--- EXTRACTED ENTRIES Enclosed Below ---
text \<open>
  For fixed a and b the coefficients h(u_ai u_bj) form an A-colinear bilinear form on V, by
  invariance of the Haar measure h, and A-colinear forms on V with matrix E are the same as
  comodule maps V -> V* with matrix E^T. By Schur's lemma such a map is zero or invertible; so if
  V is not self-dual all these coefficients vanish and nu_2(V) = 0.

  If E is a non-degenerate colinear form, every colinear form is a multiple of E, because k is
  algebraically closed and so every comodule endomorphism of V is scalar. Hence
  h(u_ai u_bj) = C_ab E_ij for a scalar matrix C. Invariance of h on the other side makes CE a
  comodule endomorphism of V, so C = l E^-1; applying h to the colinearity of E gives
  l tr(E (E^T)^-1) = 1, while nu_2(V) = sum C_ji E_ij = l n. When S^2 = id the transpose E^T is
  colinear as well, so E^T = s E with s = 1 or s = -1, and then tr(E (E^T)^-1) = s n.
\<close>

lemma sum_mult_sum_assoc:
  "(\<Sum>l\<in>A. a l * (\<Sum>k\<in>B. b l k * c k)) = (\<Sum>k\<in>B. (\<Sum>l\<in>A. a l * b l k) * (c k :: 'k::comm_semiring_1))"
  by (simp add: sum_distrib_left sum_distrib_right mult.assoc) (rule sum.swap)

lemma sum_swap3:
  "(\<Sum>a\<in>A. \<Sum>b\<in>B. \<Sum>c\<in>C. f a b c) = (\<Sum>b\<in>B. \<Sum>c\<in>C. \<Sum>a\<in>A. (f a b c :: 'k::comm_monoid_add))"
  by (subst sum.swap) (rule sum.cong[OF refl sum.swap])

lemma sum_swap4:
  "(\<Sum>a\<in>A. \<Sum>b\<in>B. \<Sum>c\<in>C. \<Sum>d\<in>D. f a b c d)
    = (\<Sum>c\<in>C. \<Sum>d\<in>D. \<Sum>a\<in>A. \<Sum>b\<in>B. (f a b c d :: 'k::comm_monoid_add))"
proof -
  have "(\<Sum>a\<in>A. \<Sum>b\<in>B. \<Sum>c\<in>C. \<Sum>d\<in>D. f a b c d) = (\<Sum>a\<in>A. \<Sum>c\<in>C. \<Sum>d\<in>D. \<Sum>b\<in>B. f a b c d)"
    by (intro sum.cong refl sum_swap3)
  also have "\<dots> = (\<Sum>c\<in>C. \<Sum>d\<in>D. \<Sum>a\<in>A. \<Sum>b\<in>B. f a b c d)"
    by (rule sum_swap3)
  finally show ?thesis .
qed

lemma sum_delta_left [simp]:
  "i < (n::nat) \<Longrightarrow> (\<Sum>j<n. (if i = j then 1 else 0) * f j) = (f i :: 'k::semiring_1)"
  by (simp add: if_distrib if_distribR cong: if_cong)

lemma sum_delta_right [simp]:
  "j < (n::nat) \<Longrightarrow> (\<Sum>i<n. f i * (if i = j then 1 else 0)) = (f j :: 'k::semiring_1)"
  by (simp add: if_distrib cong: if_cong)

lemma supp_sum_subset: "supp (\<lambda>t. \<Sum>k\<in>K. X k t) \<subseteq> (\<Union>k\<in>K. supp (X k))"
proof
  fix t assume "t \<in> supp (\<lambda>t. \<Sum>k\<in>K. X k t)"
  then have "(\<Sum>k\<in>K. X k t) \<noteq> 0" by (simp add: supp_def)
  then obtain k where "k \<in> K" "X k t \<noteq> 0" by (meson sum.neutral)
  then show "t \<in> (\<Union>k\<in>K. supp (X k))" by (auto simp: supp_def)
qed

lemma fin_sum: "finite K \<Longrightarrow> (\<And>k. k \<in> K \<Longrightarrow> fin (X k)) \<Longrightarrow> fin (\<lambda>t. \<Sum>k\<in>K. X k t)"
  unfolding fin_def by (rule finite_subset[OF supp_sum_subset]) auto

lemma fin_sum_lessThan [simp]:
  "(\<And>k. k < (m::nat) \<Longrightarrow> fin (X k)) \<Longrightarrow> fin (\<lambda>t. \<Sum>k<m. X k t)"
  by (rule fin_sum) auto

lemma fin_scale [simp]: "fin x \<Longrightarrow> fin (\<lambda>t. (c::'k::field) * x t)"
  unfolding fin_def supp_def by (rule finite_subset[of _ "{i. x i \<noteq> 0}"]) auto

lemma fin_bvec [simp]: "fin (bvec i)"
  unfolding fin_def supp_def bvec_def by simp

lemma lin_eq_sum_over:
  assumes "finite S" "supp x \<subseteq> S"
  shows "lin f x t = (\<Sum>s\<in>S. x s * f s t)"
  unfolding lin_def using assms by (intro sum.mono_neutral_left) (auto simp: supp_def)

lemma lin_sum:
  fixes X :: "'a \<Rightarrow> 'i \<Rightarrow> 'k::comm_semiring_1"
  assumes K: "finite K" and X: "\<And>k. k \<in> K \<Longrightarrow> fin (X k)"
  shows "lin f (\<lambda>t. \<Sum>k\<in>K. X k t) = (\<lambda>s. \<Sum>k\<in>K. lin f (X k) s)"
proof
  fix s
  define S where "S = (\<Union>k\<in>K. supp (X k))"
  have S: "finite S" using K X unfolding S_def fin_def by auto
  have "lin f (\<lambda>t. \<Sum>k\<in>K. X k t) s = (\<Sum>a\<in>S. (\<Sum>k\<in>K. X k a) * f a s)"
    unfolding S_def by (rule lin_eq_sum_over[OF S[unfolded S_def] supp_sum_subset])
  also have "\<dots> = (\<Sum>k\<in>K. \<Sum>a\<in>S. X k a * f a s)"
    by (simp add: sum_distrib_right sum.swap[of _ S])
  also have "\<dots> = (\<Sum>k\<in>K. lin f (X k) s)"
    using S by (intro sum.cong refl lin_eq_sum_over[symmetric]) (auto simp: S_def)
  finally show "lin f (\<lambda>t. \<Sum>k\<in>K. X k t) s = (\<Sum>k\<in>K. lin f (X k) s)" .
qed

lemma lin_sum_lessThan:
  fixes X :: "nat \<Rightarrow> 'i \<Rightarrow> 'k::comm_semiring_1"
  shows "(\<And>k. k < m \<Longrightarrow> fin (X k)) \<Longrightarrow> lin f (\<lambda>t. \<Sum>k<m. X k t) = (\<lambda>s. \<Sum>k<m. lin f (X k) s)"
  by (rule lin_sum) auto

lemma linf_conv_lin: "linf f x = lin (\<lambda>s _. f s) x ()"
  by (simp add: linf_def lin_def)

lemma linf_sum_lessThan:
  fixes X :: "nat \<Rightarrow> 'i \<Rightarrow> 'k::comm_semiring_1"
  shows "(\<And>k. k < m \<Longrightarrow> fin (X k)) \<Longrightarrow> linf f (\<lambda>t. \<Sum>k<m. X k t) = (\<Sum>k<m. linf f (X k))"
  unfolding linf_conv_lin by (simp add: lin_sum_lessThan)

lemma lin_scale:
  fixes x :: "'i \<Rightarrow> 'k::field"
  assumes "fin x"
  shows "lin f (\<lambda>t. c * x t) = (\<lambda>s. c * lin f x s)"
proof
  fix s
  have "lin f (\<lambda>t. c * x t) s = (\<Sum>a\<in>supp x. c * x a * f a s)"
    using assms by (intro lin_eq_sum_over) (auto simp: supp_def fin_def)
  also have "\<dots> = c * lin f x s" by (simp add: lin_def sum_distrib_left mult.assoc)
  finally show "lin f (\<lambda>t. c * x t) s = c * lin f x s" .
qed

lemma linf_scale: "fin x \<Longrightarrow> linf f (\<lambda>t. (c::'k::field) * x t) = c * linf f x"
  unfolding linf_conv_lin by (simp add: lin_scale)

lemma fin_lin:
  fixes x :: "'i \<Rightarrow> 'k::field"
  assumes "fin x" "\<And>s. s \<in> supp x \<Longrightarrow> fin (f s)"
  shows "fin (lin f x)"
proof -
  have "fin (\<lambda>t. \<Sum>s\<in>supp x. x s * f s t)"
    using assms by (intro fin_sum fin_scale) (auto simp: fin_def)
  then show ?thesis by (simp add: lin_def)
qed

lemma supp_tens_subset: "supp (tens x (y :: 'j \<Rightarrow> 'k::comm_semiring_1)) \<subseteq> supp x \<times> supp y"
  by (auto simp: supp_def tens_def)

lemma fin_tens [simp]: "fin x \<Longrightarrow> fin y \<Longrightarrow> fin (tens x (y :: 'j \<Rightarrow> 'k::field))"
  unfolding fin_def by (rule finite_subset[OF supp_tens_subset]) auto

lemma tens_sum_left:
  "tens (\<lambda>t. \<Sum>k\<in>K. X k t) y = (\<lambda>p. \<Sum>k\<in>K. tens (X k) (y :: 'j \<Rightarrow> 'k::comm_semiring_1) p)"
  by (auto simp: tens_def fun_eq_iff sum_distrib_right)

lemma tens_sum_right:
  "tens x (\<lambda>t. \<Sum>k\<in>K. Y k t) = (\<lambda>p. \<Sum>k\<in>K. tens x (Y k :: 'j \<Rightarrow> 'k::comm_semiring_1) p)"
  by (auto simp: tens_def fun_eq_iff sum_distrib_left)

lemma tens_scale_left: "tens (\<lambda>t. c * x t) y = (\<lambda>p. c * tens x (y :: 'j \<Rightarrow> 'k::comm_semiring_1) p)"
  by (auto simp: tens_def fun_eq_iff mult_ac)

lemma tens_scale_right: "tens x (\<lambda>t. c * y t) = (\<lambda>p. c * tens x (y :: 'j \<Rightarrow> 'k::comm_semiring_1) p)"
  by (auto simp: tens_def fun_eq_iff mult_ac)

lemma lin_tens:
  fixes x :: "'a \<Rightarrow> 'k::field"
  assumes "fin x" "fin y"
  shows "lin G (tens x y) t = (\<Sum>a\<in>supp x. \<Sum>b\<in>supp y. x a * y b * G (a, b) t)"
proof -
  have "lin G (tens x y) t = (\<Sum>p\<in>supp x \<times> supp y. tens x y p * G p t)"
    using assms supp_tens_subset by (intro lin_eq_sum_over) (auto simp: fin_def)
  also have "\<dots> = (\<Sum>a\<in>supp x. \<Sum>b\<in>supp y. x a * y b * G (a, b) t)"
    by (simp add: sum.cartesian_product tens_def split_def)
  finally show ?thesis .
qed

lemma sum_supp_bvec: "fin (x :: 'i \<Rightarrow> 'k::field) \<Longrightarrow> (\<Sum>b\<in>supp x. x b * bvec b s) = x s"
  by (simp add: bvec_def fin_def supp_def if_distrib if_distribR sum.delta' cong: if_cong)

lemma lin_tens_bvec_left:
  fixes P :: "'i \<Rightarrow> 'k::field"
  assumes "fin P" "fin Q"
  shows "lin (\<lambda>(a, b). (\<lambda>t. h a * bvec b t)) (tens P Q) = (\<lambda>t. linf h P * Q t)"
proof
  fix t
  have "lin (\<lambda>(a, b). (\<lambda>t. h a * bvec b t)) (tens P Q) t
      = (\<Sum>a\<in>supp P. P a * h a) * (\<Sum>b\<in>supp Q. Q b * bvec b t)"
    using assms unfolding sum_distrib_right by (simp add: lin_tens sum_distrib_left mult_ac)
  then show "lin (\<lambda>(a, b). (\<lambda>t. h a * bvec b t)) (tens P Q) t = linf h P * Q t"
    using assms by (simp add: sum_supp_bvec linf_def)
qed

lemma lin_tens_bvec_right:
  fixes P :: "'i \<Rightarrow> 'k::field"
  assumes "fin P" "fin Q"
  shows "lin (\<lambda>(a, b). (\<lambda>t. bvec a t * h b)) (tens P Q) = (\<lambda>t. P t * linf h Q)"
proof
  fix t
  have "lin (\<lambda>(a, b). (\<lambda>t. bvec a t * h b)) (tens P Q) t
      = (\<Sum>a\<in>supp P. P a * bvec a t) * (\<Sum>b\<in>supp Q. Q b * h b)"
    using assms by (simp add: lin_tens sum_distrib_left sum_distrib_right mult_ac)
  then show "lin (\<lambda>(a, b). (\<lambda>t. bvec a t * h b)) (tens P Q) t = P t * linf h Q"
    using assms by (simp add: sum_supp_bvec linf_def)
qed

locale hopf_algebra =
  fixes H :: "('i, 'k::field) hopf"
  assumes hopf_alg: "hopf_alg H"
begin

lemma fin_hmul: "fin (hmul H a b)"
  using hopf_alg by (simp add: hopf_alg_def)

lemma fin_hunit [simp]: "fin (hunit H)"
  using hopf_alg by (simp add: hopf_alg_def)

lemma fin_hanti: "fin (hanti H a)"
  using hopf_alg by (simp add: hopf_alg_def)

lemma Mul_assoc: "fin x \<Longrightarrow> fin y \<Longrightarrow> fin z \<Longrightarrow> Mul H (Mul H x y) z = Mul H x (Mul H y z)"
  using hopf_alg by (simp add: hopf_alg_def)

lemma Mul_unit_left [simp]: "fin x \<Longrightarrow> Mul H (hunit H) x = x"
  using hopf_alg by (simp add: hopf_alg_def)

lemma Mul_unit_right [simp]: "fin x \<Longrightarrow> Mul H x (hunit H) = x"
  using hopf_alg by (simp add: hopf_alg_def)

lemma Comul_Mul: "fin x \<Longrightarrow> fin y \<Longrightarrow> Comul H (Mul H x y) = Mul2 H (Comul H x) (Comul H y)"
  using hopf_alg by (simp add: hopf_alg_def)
--- End of Enclosed EXTRACTED ENTRIES ---
WHAT TO PRODUCE → Filter the records above for the string "comodule" and copy each matching line.

RESPONSE TO THIS EXERCISE →
  comodule maps V -> V* with matrix E^T. By Schur's lemma such a map is zero or invertible; so if
  algebraically closed and so every comodule endomorphism of V is scalar. Hence
  comodule endomorphism of V, so C = l E^-1; applying h to the colinearity of E gives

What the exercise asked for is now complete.